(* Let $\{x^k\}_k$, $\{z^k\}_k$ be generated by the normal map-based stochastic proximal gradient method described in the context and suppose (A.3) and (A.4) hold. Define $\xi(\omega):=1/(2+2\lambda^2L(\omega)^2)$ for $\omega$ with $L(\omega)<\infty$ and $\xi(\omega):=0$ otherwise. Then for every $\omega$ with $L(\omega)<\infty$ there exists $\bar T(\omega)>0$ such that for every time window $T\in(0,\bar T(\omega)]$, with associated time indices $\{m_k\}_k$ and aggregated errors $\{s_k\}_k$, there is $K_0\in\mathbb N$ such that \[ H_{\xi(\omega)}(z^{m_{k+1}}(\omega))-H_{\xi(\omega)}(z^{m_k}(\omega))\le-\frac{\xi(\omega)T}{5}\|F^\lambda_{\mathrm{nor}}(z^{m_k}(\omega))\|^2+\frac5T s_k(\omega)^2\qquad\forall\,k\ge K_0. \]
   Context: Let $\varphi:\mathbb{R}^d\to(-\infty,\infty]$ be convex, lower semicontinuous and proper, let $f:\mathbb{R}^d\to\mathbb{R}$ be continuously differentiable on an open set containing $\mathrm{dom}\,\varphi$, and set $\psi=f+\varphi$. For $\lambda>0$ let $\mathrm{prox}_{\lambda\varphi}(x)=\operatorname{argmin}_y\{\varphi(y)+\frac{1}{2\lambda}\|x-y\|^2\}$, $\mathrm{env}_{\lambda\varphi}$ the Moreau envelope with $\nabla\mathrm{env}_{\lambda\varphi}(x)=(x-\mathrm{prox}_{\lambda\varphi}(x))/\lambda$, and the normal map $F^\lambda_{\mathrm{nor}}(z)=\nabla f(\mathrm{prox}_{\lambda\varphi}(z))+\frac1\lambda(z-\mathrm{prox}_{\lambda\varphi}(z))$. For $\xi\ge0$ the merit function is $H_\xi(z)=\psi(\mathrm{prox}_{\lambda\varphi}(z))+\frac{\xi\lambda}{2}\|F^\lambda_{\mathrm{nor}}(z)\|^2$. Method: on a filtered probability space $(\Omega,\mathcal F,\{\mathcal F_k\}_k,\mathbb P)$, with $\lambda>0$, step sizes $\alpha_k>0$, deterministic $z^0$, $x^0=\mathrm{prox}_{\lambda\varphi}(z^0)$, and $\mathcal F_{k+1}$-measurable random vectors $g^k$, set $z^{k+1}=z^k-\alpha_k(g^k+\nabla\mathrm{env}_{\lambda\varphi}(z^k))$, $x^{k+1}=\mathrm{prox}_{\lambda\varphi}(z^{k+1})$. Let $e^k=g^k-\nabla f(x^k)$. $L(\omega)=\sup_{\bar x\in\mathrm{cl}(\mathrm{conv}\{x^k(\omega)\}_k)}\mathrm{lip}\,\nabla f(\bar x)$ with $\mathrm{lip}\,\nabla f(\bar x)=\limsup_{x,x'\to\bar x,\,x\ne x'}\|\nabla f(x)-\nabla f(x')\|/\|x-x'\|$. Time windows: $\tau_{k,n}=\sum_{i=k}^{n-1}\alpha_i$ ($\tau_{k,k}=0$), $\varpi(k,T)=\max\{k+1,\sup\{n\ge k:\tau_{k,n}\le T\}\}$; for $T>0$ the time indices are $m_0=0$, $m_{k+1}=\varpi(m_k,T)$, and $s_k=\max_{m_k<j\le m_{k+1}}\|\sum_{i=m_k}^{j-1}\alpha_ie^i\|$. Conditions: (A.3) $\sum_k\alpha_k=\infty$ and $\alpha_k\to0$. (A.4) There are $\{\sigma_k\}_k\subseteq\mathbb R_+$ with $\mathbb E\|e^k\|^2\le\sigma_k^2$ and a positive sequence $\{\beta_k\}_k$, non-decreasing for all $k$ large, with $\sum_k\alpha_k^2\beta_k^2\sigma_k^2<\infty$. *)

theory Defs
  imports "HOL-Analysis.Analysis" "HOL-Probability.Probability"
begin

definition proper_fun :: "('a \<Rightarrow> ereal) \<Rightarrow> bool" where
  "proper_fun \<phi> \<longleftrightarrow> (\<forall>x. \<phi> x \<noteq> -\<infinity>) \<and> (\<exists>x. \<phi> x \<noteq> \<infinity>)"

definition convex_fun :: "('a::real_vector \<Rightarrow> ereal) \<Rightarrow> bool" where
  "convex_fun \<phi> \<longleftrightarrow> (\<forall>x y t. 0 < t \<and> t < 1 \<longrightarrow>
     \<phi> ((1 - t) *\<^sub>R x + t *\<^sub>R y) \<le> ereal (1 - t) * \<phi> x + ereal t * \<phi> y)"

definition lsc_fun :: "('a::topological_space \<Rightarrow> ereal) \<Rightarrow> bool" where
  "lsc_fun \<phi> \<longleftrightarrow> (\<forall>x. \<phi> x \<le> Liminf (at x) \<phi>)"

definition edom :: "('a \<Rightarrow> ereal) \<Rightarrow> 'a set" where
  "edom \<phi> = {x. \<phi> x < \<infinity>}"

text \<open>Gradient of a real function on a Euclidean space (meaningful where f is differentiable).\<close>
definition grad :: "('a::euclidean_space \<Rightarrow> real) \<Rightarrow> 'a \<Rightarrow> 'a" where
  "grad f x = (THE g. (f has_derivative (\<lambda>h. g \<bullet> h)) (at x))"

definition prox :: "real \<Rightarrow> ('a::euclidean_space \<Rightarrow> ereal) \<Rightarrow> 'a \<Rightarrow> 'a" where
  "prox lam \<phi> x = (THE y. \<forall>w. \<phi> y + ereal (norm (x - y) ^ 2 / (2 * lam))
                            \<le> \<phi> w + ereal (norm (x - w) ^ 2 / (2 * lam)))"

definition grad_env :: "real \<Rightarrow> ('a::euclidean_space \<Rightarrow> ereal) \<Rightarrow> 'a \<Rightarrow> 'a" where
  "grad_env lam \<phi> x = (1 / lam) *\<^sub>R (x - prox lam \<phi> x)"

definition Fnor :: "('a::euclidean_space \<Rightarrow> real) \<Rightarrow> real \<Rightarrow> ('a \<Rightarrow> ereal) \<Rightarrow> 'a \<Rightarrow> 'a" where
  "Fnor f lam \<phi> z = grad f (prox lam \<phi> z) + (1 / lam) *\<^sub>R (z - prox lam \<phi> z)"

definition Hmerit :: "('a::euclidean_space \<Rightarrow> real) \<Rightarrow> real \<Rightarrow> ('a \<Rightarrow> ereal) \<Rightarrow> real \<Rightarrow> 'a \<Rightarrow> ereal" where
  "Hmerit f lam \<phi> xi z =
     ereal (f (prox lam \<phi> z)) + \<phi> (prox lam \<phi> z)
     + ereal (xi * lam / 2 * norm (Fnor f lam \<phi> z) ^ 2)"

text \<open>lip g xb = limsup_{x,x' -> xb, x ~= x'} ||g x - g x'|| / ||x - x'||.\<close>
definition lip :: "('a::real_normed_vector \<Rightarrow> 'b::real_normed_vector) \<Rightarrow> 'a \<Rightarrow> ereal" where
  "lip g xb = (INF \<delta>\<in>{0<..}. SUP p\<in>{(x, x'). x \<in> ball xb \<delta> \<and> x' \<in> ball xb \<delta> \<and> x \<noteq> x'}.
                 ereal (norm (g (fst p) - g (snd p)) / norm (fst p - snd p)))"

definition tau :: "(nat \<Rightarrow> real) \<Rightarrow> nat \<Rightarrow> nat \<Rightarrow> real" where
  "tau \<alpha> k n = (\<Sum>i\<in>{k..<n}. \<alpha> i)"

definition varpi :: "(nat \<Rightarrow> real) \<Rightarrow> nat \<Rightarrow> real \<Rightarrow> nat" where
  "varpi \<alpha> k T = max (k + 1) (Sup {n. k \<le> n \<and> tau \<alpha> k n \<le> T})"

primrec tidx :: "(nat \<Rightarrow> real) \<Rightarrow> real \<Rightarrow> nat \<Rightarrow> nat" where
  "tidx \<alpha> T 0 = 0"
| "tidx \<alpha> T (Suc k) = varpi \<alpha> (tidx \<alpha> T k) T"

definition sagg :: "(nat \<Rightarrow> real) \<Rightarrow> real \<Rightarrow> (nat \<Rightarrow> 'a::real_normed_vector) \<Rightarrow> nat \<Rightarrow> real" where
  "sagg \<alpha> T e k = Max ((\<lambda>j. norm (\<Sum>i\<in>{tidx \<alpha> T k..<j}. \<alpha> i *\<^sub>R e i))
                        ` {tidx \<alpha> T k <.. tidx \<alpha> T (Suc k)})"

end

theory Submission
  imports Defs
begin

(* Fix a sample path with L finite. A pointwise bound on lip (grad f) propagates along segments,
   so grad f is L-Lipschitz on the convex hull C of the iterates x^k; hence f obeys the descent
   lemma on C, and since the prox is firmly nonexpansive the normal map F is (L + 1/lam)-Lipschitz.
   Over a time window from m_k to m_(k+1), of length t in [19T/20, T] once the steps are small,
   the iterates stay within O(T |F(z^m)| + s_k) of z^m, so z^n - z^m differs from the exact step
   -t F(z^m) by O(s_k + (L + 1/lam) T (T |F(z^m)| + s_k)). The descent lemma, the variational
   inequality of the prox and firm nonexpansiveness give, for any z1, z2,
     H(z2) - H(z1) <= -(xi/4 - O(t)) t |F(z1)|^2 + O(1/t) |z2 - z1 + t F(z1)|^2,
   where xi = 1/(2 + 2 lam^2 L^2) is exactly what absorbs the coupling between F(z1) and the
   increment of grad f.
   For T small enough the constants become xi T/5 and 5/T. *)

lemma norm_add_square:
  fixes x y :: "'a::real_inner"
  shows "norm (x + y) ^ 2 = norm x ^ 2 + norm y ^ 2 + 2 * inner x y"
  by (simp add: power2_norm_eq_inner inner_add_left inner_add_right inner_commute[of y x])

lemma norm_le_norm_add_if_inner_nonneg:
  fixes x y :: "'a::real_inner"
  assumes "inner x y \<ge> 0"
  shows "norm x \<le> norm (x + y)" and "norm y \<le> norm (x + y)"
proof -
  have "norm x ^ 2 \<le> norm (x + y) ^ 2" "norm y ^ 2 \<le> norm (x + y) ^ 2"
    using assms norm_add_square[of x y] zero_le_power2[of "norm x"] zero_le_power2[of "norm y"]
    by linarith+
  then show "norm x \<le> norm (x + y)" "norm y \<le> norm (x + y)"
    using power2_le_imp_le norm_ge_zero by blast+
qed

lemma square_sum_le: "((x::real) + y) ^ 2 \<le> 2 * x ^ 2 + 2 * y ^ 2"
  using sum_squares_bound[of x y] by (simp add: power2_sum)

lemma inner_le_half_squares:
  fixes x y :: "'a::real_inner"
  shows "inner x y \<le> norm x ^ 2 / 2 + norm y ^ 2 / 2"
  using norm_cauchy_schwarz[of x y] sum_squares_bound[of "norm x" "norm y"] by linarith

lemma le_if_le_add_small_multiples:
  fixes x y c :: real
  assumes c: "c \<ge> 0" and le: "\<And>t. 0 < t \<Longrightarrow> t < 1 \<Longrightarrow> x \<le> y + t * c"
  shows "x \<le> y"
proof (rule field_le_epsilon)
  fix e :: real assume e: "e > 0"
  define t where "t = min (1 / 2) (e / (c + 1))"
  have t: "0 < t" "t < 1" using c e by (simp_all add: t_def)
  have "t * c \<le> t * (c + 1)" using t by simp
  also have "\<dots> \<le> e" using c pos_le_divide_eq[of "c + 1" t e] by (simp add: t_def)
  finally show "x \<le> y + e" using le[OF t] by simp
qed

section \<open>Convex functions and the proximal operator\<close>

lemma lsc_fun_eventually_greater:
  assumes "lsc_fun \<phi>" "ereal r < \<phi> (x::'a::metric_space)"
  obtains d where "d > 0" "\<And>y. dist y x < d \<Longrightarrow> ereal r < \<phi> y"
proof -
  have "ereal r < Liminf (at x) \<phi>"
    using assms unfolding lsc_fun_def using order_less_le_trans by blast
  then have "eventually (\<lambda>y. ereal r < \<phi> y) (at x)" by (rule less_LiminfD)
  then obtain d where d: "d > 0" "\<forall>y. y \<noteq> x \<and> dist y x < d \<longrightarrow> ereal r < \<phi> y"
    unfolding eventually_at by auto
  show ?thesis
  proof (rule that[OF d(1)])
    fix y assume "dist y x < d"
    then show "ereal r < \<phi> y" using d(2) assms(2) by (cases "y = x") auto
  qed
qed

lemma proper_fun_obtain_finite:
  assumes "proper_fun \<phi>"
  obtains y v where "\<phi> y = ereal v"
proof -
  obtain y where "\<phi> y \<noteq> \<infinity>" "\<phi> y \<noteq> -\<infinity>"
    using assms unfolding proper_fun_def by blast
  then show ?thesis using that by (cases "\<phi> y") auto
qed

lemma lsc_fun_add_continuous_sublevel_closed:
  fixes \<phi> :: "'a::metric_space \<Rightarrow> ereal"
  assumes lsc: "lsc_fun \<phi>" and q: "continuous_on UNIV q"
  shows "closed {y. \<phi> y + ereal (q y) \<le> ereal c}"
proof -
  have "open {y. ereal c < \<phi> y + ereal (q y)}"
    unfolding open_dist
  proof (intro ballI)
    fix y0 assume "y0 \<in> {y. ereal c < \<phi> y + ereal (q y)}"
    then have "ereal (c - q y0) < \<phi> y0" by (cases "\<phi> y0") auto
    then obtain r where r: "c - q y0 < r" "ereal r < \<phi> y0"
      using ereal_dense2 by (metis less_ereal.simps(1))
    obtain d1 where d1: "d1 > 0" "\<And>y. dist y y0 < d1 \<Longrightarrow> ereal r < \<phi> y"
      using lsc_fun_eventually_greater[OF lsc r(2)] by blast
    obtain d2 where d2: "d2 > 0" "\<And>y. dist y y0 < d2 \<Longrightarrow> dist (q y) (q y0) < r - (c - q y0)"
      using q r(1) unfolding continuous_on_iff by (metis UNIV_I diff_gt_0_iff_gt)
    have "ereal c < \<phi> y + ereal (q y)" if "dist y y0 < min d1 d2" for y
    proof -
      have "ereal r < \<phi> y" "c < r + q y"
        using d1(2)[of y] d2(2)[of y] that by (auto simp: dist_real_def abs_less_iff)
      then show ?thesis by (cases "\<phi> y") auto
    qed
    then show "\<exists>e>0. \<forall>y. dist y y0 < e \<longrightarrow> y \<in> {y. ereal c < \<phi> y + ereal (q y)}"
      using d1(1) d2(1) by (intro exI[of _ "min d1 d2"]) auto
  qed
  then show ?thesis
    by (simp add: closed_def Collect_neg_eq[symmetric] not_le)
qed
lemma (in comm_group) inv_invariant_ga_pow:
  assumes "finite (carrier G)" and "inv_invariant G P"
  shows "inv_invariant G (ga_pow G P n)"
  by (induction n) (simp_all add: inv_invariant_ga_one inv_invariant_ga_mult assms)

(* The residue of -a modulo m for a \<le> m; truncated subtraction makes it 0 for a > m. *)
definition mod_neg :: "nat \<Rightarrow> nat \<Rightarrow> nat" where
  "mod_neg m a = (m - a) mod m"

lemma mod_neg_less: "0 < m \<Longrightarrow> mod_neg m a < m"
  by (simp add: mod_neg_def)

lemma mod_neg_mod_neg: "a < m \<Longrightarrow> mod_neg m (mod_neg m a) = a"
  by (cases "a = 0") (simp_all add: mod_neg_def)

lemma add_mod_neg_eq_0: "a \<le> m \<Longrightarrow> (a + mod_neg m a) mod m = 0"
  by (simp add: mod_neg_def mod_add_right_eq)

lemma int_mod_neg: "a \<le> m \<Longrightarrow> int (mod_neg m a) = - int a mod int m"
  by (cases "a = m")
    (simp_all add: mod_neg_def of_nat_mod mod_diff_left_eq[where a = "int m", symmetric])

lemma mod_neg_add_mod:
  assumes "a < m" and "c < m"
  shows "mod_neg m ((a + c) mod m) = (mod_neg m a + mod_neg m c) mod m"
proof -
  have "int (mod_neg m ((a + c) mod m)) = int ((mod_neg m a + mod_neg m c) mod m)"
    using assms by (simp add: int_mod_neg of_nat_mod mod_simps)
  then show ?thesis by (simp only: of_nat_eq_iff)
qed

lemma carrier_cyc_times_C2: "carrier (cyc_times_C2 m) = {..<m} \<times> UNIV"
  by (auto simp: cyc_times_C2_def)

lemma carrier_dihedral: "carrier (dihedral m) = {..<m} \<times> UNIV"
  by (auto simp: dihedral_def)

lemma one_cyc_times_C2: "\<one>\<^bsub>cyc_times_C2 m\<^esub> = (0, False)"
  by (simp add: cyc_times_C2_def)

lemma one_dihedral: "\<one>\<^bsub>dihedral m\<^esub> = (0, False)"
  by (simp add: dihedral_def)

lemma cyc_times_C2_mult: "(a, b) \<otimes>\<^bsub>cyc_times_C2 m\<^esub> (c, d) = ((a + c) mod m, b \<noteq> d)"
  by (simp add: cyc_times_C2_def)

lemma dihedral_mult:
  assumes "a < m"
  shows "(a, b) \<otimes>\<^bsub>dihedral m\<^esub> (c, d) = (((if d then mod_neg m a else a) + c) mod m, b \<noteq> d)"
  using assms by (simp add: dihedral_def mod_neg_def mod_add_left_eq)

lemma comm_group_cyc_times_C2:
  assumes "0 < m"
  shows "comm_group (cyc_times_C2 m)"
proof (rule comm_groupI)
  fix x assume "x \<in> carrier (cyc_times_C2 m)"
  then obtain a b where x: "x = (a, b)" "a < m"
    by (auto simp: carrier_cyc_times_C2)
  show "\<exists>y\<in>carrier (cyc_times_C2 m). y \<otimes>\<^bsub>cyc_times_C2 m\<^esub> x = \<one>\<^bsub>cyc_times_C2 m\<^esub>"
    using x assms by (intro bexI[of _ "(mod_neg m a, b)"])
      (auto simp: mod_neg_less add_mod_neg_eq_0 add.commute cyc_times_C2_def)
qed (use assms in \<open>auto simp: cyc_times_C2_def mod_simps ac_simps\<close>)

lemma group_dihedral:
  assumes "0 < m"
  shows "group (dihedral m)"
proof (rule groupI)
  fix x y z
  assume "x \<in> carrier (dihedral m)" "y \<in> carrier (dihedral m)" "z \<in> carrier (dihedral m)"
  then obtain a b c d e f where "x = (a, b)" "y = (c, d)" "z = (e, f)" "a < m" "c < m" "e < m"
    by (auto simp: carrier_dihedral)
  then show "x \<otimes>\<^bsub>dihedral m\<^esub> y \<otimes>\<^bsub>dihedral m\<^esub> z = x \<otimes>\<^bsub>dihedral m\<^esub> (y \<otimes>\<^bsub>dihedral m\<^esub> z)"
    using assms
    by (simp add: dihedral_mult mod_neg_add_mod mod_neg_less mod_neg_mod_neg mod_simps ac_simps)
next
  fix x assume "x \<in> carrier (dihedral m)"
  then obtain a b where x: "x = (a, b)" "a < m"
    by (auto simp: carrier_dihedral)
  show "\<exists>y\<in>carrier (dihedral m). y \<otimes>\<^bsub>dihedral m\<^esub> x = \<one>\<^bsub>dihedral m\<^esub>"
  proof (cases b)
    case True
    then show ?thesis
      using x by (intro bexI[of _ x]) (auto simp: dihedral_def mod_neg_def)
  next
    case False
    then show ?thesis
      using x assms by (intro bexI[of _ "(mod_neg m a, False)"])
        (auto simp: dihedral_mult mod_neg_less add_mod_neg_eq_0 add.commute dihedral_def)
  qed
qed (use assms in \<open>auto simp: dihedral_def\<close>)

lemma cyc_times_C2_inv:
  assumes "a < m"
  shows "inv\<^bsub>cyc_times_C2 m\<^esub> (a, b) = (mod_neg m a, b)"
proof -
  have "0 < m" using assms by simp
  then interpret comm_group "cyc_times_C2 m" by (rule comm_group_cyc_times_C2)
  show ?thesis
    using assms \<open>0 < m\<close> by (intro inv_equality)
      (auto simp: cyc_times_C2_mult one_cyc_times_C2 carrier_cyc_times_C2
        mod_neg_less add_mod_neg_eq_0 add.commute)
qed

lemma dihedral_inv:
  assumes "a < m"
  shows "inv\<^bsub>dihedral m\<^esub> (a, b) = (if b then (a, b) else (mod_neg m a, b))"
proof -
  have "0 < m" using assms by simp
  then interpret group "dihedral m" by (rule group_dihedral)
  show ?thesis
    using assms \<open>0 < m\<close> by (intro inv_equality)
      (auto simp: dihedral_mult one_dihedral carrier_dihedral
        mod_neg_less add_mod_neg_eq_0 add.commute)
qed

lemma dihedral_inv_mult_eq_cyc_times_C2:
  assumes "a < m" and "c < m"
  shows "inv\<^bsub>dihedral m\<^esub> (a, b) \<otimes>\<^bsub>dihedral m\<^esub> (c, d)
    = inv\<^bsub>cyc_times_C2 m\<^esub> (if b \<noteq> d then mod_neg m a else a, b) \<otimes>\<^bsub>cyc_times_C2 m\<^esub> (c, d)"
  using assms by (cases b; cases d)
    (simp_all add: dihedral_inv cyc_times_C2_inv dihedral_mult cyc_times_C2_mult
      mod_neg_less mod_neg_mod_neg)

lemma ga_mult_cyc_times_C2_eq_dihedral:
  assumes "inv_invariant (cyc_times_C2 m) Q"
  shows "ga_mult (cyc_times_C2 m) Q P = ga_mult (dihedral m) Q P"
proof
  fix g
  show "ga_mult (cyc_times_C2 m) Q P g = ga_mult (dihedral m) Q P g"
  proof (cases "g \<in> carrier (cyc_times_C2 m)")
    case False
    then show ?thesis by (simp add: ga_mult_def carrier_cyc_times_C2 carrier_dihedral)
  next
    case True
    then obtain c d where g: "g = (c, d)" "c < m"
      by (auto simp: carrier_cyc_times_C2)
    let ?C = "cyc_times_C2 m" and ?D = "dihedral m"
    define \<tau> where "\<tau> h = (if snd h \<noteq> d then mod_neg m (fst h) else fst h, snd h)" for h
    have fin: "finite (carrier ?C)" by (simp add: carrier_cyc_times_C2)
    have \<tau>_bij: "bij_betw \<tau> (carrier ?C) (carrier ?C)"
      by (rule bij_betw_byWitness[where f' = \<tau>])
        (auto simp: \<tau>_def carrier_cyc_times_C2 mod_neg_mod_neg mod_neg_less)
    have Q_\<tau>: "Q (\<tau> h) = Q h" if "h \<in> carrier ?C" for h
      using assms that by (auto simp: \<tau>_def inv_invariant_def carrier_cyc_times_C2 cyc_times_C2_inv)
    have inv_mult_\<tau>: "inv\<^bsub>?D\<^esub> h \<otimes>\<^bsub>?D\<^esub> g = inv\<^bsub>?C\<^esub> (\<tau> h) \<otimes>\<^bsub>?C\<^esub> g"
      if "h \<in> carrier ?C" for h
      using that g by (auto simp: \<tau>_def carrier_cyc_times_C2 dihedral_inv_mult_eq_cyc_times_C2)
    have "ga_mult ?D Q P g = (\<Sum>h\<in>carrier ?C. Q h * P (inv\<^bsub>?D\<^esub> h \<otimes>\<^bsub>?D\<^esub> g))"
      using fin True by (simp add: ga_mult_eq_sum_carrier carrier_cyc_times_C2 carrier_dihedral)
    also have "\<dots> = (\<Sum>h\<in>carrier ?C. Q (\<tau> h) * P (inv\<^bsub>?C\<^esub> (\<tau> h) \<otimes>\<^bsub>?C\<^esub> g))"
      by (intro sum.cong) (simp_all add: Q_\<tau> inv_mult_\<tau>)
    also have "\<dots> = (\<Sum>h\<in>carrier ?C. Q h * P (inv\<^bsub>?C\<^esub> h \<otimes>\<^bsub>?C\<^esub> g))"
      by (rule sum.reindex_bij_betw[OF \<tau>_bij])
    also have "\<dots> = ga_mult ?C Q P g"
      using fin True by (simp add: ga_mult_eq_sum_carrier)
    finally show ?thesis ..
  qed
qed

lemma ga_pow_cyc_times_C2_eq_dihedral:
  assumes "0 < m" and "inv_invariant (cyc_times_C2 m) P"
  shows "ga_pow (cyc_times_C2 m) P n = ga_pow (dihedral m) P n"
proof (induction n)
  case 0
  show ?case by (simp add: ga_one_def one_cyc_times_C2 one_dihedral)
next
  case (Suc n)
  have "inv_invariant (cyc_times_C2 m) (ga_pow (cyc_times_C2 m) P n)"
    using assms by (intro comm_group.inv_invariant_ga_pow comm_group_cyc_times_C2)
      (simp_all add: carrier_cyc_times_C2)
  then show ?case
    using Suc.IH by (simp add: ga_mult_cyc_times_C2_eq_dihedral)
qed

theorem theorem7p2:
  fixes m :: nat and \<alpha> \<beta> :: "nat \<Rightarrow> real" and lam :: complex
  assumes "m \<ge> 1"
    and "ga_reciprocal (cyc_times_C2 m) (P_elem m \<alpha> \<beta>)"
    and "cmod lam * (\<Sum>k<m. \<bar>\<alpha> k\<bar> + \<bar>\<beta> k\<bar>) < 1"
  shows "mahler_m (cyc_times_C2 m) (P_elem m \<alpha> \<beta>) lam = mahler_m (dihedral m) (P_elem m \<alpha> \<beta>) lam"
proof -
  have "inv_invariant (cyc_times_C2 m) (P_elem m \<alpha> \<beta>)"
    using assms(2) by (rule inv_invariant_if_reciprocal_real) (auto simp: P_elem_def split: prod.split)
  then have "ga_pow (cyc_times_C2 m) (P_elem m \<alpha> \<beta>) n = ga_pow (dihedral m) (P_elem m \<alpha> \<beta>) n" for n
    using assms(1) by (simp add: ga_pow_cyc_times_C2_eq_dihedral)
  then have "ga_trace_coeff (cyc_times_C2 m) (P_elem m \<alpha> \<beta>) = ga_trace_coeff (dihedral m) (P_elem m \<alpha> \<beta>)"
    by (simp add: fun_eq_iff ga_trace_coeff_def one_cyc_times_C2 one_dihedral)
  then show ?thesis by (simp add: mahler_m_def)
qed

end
.....
Directions: Using the entries above, repeat only the lines from the one containing "using fin True by (simp add: ga_mult_eq_sum_carrier)" through the one containing "lam * (\<Sum>k<m.", end lines included.

Exercise response:
      using fin True by (simp add: ga_mult_eq_sum_carrier)
    finally show ?thesis ..
  qed
qed

lemma ga_pow_cyc_times_C2_eq_dihedral:
  assumes "0 < m" and "inv_invariant (cyc_times_C2 m) P"
  shows "ga_pow (cyc_times_C2 m) P n = ga_pow (dihedral m) P n"
proof (induction n)
  case 0
  show ?case by (simp add: ga_one_def one_cyc_times_C2 one_dihedral)
next
  case (Suc n)
  have "inv_invariant (cyc_times_C2 m) (ga_pow (cyc_times_C2 m) P n)"
    using assms by (intro comm_group.inv_invariant_ga_pow comm_group_cyc_times_C2)
      (simp_all add: carrier_cyc_times_C2)
  then show ?case
    using Suc.IH by (simp add: ga_mult_cyc_times_C2_eq_dihedral)
qed

theorem theorem7p2:
  fixes m :: nat and \<alpha> \<beta> :: "nat \<Rightarrow> real" and lam :: complex
  assumes "m \<ge> 1"
    and "ga_reciprocal (cyc_times_C2 m) (P_elem m \<alpha> \<beta>)"
    and "cmod lam * (\<Sum>k<m. \<bar>\<alpha> k\<bar> + \<bar>\<beta> k\<bar>) < 1"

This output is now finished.